アレルギーの原因はいろいろありますが、今回取り上げますのが不飽和脂肪酸のひとつ「アラキドン酸」。

アレルギーを発症させる原因として、
アレルゲン(刺激)→アラキドン酸の酸化→代謝物質→炎症(生体防衛反応)

アラキドン酸は、よほどの菜食主義者でない限り不足することはありません。また、過剰という問題も心配するに及びません。抗酸化対策はどんな状況でも必要ですが、アラキドン酸の酸化もまたそれは常であり、過剰や酸化が原因で深刻なアレルギーを起こすのであればほとんどの人が大変な状態になっています。

問題はバランスです。

以前にも記しましたが、人間の恒常性機能を維持するために微調整に関わるプロスタグランディンの原材料のバランスです。詳しくは→
食品中の栄養素の働き

・ジホモガンマリノレン酸
・アラキドン酸
・EPA


この3つの不飽和脂肪酸のバランスです。

ミネラルや脂肪酸はバランスが特に重要なのです。

まず、EPAをいかに摂るかということを意識すればいいでしょう。先に記した通り、アラキドン酸は普通の食事内容で不足することはなく、リノール酸からも合成されます。

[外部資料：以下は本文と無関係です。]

(* Let $(X,T)$ be a Cantor minimal system and let $\Theta:E(X,T)\to K^0(X,T)$ be the injective homomorphism given by $\Theta(\theta)=\lfloor\theta\rfloor[1_X]+[1_{U_{\{\theta\}}}]$, where for $t\in[0,1)\cap E(X,T)$, $U_t$ is a clopen set with $1_{U_t}-t\mathbf 1$ a real coboundary. Then the quotient group $K^0(X,T)/\Theta(E(X,T))$ is torsion-free.
   Context: A Cantor minimal system is a homeomorphism $T$ of a Cantor set $X$ with all orbits dense. $E(X,T)=\{\theta\in\mathbb R:\exp(2\pi i\theta)\text{ is a continuous eigenvalue of } T\}$, where $\lambda$ is a continuous eigenvalue if $f\circ T=\lambda f$ for some continuous $f:X\to\mathbb S^1$. A real coboundary is $F-F\circ T$ with $F\in C(X,\mathbb R)$; such clopen sets $U_t$ exist ($U_0=\emptyset$), and $\Theta$ does not depend on their choice. $\{\theta\}=\theta-\lfloor\theta\rfloor$. $K^0(X,T)=C(X,\mathbb Z)/\{f-f\circ T:f\in C(X,\mathbb Z)\}$, $[f]$ the class of $f$. *)

theory Defs
  imports "HOL-Analysis.Analysis"
begin

definition cantor_set :: "'a::metric_space set \<Rightarrow> bool" where
  "cantor_set X \<longleftrightarrow> X \<noteq> {} \<and> compact X \<and> (\<forall>x\<in>X. x islimpt X) \<and>
     (\<forall>C. C \<subseteq> X \<longrightarrow> connected C \<longrightarrow> (\<forall>x\<in>C. \<forall>y\<in>C. x = y))"

text \<open>Full orbit of x under the homeomorphism T (with inverse S).\<close>
definition full_orbit :: "('a \<Rightarrow> 'a) \<Rightarrow> ('a \<Rightarrow> 'a) \<Rightarrow> 'a \<Rightarrow> 'a set" where
  "full_orbit T S x = {(T ^^ n) x | n. True} \<union> {(S ^^ n) x | n. True}"

definition cantor_minimal_system :: "'a::metric_space set \<Rightarrow> ('a \<Rightarrow> 'a) \<Rightarrow> bool" where
  "cantor_minimal_system X T \<longleftrightarrow> cantor_set X \<and>
     (\<exists>S. homeomorphism X X T S \<and> (\<forall>x\<in>X. X \<subseteq> closure (full_orbit T S x)))"

definition continuous_eigenvalue :: "'a::metric_space set \<Rightarrow> ('a \<Rightarrow> 'a) \<Rightarrow> complex \<Rightarrow> bool" where
  "continuous_eigenvalue X T lam \<longleftrightarrow>
     (\<exists>f :: 'a \<Rightarrow> complex. continuous_on X f \<and> f ` X \<subseteq> sphere 0 1 \<and>
        (\<forall>x\<in>X. f (T x) = lam * f x))"

definition eigen_group :: "'a::metric_space set \<Rightarrow> ('a \<Rightarrow> 'a) \<Rightarrow> real set" where
  "eigen_group X T = {\<theta>. continuous_eigenvalue X T (exp (2 * of_real pi * \<i> * of_real \<theta>))}"

definition int_cont :: "'a::metric_space set \<Rightarrow> ('a \<Rightarrow> int) \<Rightarrow> bool" where
  "int_cont X f \<longleftrightarrow> continuous_on X (\<lambda>x. real_of_int (f x))"

definition int_coboundary :: "'a::metric_space set \<Rightarrow> ('a \<Rightarrow> 'a) \<Rightarrow> ('a \<Rightarrow> int) \<Rightarrow> bool" where
  "int_coboundary X T g \<longleftrightarrow> (\<exists>f. int_cont X f \<and> (\<forall>x\<in>X. g x = f x - f (T x)))"

definition real_coboundary :: "'a::metric_space set \<Rightarrow> ('a \<Rightarrow> 'a) \<Rightarrow> ('a \<Rightarrow> real) \<Rightarrow> bool" where
  "real_coboundary X T g \<longleftrightarrow> (\<exists>F. continuous_on X F \<and> (\<forall>x\<in>X. g x = F x - F (T x)))"

text \<open>Equality of classes in K^0(X,T): [f] = [g].\<close>
definition K0_eq :: "'a::metric_space set \<Rightarrow> ('a \<Rightarrow> 'a) \<Rightarrow> ('a \<Rightarrow> int) \<Rightarrow> ('a \<Rightarrow> int) \<Rightarrow> bool" where
  "K0_eq X T f g \<longleftrightarrow> int_coboundary X T (\<lambda>x. f x - g x)"

definition clopen_in :: "'a::metric_space set \<Rightarrow> 'a set \<Rightarrow> bool" where
  "clopen_in X U \<longleftrightarrow> openin (top_of_set X) U \<and> closedin (top_of_set X) U"

text \<open>The class [f] lies in Theta(E(X,T)): [f] = floor(theta)[1_X] + [1_U] for some
  theta in E(X,T) and a clopen U with 1_U - frac(theta) 1 a real coboundary
  (Theta does not depend on the choice of U).\<close>
definition in_Theta_image :: "'a::metric_space set \<Rightarrow> ('a \<Rightarrow> 'a) \<Rightarrow> ('a \<Rightarrow> int) \<Rightarrow> bool" where
  "in_Theta_image X T f \<longleftrightarrow>
     (\<exists>\<theta>\<in>eigen_group X T. \<exists>U. clopen_in X U \<and>
        real_coboundary X T (\<lambda>x. indicator U x - frac \<theta>) \<and>
        K0_eq X T f (\<lambda>x. \<lfloor>\<theta>\<rfloor> + indicator U x))"

end

theory Submission
  imports Defs
begin

text \<open>If \<open>n[f] = \<Theta>(\<theta>)\<close>, then \<open>n f - \<theta>\<close> is a real coboundary, hence so is \<open>f - \<theta>/n\<close>, and
  \<open>exp (2\<pi>i\<theta>/n)\<close> is a continuous eigenvalue with eigenfunction \<open>exp (2\<pi>i F)\<close> for a
  transfer function \<open>F\<close>. So it suffices to show: if \<open>g\<close> is continuous integer-valued,
  \<open>0 \<le> t < 1\<close> and \<open>g - t = F - F \<circ> T\<close> with \<open>F\<close> continuous, then there is a clopen \<open>U\<close> with
  \<open>1\<^sub>U - t\<close> a real and \<open>g - 1\<^sub>U\<close> an integer coboundary. For this pick a clopen \<open>A\<close> on which
  \<open>F\<close> oscillates by less than \<open>1 - t\<close> (possible as \<open>X\<close> is totally disconnected), let \<open>e(x)\<close>
  be the first time the backward orbit of \<open>x\<close> enters \<open>A\<close> (finite and locally constant by
  minimality), and set \<open>\<psi>(x) = F(S\<^sup>e x) + {e t}\<close> with \<open>S = T\<^sup>-\<^sup>1\<close> and \<open>e = e(x)\<close>. Then
  \<open>K = F - \<psi>\<close> is a continuous integer-valued function, so \<open>\<psi> - \<psi> \<circ> T + t = g - K + K \<circ> T\<close> is
  integer-valued; comparing \<open>e(x)\<close> with \<open>e(T x)\<close> shows that it takes values in \<open>(-1, 2)\<close>,
  so it is \<open>1\<^sub>U\<close> for a clopen \<open>U\<close>.\<close>

lemma funpow_image_subset:
  assumes "S ` X \<subseteq> X"
  shows "(S ^^ m) ` X \<subseteq> X"
  by (induction m) (use assms in auto)

lemma continuous_on_funpow:
  assumes "continuous_on X S" "S ` X \<subseteq> X"
  shows "continuous_on X (S ^^ m)"
proof (induction m)
  case (Suc m)
  have "continuous_on X (S \<circ> S ^^ m)"
    using Suc funpow_image_subset[OF assms(2)]
    by (intro continuous_on_compose) (auto intro: continuous_on_subset[OF assms(1)])
  then show ?case by simp
qed (simp add: continuous_on_id)

lemma homeomorphism_funpow:
  assumes "homeomorphism X X T S"
  shows "homeomorphism X X (T ^^ m) (S ^^ m)"
proof (induction m)
  case 0
  show ?case using homeomorphism_ident[of X] by (simp add: id_def)
next
  case (Suc m)
  show ?case
    using homeomorphism_compose[OF assms Suc] by (simp add: o_def funpow_swap1)
qed

lemma clopen_in_preimage:
  assumes "continuous_on X f" "f ` X \<subseteq> Y" "clopen_in Y A"
  shows "clopen_in X (X \<inter> f -` A)"
  using assms continuous_openin_preimage[of X f Y A] continuous_closedin_preimage_gen[of X f Y A]
  unfolding clopen_in_def by (auto simp: image_subset_iff_funcset)

lemma cantor_set_clopen_nbhd:
  fixes X :: "'a::metric_space set"
  assumes X: "cantor_set X" and "x \<in> X" and W: "openin (top_of_set X) W" "x \<in> W"
  obtains A where "clopen_in X A" "x \<in> A" "A \<subseteq> W"
proof -
  let ?X = "top_of_set X"
  have "connected_component_of_set ?X x = {x}"
  proof -
    have "connected (connected_component_of_set ?X x)" "connected_component_of_set ?X x \<subseteq> X"
      using connectedin_connected_component_of[of ?X x] by (auto simp: connectedin_subtopology)
    moreover have "x \<in> connected_component_of_set ?X x"
      using \<open>x \<in> X\<close> by (simp add: connected_component_of_refl)
    ultimately show ?thesis using X unfolding cantor_set_def by blast
  qed
  then have "{x} \<in> connected_components_of ?X"
    using connected_component_in_connected_components_of[of ?X x] \<open>x \<in> X\<close> by simp
  moreover have "locally_compact_space ?X"
    using X by (intro compact_imp_locally_compact_space) (simp add: cantor_set_def compact_space_subtopology)
  ultimately obtain U V where UV: "openin ?X U" "openin ?X V" "disjnt U V" "U \<union> V = X"
    "x \<in> U" "U \<subseteq> W"
    using wilder_locally_compact_component_thm[of ?X "{x}" W] W \<open>x \<in> X\<close>
    by (auto simp: Hausdorff_space_subtopology)
  then have "U = X - V"
    by (auto simp: disjnt_def)
  then have "closedin ?X U"
    using UV(2) by auto
  then show ?thesis
    using that UV unfolding clopen_in_def by auto
qed

lemma cantor_set_clopen_small_oscillation:
  fixes X :: "'a::metric_space set" and F :: "'a \<Rightarrow> real"
  assumes X: "cantor_set X" and F: "continuous_on X F" and "\<epsilon> > 0"
  obtains A where "clopen_in X A" "A \<noteq> {}" "\<forall>y\<in>A. \<forall>z\<in>A. \<bar>F y - F z\<bar> < \<epsilon>"
proof -
  obtain x0 where "x0 \<in> X"
    using X by (auto simp: cantor_set_def)
  define W where "W = X \<inter> F -` ball (F x0) (\<epsilon> / 2)"
  have "openin (top_of_set X) W" "x0 \<in> W"
    using continuous_openin_preimage_gen[OF F] \<open>x0 \<in> X\<close> \<open>\<epsilon> > 0\<close> by (auto simp: W_def)
  then obtain A where A: "clopen_in X A" "x0 \<in> A" "A \<subseteq> W"
    using cantor_set_clopen_nbhd[OF X \<open>x0 \<in> X\<close>] by blast
  have "\<bar>F y - F z\<bar> < \<epsilon>" if "y \<in> A" "z \<in> A" for y z
  proof -
    have "dist (F y) (F x0) < \<epsilon> / 2" "dist (F z) (F x0) < \<epsilon> / 2"
      using A(3) that by (auto simp: W_def dist_commute)
    then show ?thesis
      using dist_triangle_half_l by (metis dist_real_def)
  qed
  then show ?thesis
    using that A by blast
qed

lemma clopen_in_level_set:
  assumes "continuous_on X D" "\<forall>x\<in>X. D x = 0 \<or> D x = (1::real)"
  shows "clopen_in X {x \<in> X. D x = 1}"
proof -
  have "{x \<in> X. D x = 1} = X \<inter> D -` {1/2<..}" "{x \<in> X. D x = 1} = X \<inter> D -` {1/2..}"
    using assms(2) by force+
  then show ?thesis
    unfolding clopen_in_def
    using continuous_openin_preimage_gen[OF assms(1), of "{1/2<..}"]
      continuous_closedin_preimage[OF assms(1), of "{1/2..}"]
    by simp
qed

ガンマリノレン酸からジホモガンマリノレン酸は合成されますし、ガンマリノレン酸はリノール酸から合成されます。しかし、トランス型のリノール酸からはガンマリノレン酸は合成できないし、また合成の邪魔でもあります。ガンマリノレン酸への合成を促すにはトランス脂肪酸を避け、ビタミンB6、亜鉛、マグネシウムを不足させることなく、またインスリンの助けを得る必要があります。これもジホモガンマリノレン酸を不足させないために知っておくべきことです。

EPAは基本魚の摂取ですが、αリノレン酸からEPAを作っていくことも、またそのEPAからDHAも作られるという連携を知っておくと効率的な食材やサプリを選ぶ際に便利でしょう。

ただ、なんだかんだでこれらすべて不飽和脂肪酸なので抗酸化栄養素はしっかり摂れていることを前提とすることが大事です。

注)アレルギー対策は奥が深く、以上の内容はほんの一例にしかすぎませんので、対策としてすべての人に当てはまることではありません。